**What is needed:**
Nothing outside the range is wanted. Repeat exactly the lines below from the one with "M u = twist" through the one with "then d k else".

**Data in this exercise:**
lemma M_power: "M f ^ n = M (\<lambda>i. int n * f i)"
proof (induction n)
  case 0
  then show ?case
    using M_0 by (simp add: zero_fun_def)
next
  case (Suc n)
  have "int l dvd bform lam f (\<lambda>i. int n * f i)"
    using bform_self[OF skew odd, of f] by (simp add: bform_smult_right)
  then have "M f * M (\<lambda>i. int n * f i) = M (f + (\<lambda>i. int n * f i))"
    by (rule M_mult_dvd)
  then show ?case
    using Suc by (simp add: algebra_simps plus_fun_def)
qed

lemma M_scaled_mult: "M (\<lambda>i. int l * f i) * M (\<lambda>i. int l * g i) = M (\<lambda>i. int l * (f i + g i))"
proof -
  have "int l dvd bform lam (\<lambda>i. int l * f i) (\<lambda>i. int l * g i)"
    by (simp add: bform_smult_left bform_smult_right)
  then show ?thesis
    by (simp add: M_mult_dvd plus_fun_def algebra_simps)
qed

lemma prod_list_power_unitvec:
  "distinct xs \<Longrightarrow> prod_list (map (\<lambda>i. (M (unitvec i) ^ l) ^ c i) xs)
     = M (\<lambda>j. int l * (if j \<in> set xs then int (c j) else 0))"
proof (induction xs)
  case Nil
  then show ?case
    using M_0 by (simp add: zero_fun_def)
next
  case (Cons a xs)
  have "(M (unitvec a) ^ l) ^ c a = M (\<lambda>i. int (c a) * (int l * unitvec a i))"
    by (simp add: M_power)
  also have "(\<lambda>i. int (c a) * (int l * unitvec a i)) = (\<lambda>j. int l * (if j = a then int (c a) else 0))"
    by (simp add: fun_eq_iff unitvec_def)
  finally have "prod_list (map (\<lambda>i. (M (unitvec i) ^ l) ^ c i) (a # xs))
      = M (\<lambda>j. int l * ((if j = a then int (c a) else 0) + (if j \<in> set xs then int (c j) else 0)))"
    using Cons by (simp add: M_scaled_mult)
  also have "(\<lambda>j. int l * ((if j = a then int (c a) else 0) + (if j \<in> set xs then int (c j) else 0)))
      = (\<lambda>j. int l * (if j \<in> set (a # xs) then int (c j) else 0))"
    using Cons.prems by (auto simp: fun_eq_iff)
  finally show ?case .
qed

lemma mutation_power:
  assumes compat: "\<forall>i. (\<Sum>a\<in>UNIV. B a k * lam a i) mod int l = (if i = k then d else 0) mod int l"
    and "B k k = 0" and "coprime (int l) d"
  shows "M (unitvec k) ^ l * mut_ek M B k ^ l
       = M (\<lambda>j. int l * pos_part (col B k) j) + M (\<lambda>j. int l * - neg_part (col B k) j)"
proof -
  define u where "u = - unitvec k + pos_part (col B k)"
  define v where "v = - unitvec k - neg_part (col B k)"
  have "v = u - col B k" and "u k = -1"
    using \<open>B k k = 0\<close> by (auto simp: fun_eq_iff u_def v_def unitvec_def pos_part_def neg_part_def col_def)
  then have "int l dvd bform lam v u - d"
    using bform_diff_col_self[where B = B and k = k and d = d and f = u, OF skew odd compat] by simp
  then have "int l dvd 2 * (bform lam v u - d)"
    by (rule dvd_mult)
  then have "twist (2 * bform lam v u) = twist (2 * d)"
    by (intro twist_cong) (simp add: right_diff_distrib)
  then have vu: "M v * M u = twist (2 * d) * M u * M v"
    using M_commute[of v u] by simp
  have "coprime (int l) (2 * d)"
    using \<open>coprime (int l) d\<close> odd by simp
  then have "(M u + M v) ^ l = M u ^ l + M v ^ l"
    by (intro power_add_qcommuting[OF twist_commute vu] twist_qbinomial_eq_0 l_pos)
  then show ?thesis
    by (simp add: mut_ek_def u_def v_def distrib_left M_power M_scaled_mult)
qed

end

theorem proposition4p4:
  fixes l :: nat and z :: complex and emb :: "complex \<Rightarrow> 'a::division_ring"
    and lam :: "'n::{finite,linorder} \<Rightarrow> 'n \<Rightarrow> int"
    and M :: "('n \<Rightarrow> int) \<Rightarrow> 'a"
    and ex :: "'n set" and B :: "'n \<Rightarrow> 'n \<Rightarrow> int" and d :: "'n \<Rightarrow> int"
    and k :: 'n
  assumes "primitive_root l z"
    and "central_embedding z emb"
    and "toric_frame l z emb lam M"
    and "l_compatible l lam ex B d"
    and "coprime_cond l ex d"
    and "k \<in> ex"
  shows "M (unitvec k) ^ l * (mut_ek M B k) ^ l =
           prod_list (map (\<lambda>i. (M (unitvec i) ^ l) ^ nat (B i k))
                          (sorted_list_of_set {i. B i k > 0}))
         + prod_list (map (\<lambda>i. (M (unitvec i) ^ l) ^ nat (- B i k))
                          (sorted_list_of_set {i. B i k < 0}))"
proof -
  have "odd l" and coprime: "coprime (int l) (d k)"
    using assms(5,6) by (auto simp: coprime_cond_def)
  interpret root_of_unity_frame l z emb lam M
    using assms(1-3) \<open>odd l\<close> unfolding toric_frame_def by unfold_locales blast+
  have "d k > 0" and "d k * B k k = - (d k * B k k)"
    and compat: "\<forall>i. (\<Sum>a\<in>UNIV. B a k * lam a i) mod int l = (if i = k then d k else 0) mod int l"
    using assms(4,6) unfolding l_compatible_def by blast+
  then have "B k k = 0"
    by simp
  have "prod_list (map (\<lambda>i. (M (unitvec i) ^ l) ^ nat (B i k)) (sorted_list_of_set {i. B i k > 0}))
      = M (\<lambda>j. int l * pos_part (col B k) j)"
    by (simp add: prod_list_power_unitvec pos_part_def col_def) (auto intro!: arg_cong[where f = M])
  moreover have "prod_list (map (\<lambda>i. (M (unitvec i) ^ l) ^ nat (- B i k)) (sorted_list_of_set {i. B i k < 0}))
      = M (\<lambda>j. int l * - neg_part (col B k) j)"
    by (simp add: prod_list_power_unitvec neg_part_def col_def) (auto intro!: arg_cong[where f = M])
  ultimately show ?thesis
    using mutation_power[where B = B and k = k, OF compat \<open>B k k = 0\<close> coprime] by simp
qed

**Solution:**
  then have vu: "M v * M u = twist (2 * d) * M u * M v"
    using M_commute[of v u] by simp
  have "coprime (int l) (2 * d)"
    using \<open>coprime (int l) d\<close> odd by simp
  then have "(M u + M v) ^ l = M u ^ l + M v ^ l"
    by (intro power_add_qcommuting[OF twist_commute vu] twist_qbinomial_eq_0 l_pos)
  then show ?thesis
    by (simp add: mut_ek_def u_def v_def distrib_left M_power M_scaled_mult)
qed

end

theorem proposition4p4:
  fixes l :: nat and z :: complex and emb :: "complex \<Rightarrow> 'a::division_ring"
    and lam :: "'n::{finite,linorder} \<Rightarrow> 'n \<Rightarrow> int"
    and M :: "('n \<Rightarrow> int) \<Rightarrow> 'a"
    and ex :: "'n set" and B :: "'n \<Rightarrow> 'n \<Rightarrow> int" and d :: "'n \<Rightarrow> int"
    and k :: 'n
  assumes "primitive_root l z"
    and "central_embedding z emb"
    and "toric_frame l z emb lam M"
    and "l_compatible l lam ex B d"
    and "coprime_cond l ex d"
    and "k \<in> ex"
  shows "M (unitvec k) ^ l * (mut_ek M B k) ^ l =
           prod_list (map (\<lambda>i. (M (unitvec i) ^ l) ^ nat (B i k))
                          (sorted_list_of_set {i. B i k > 0}))
         + prod_list (map (\<lambda>i. (M (unitvec i) ^ l) ^ nat (- B i k))
                          (sorted_list_of_set {i. B i k < 0}))"
proof -
  have "odd l" and coprime: "coprime (int l) (d k)"
    using assms(5,6) by (auto simp: coprime_cond_def)
  interpret root_of_unity_frame l z emb lam M
    using assms(1-3) \<open>odd l\<close> unfolding toric_frame_def by unfold_locales blast+
  have "d k > 0" and "d k * B k k = - (d k * B k k)"
    and compat: "\<forall>i. (\<Sum>a\<in>UNIV. B a k * lam a i) mod int l = (if i = k then d k else 0) mod int l"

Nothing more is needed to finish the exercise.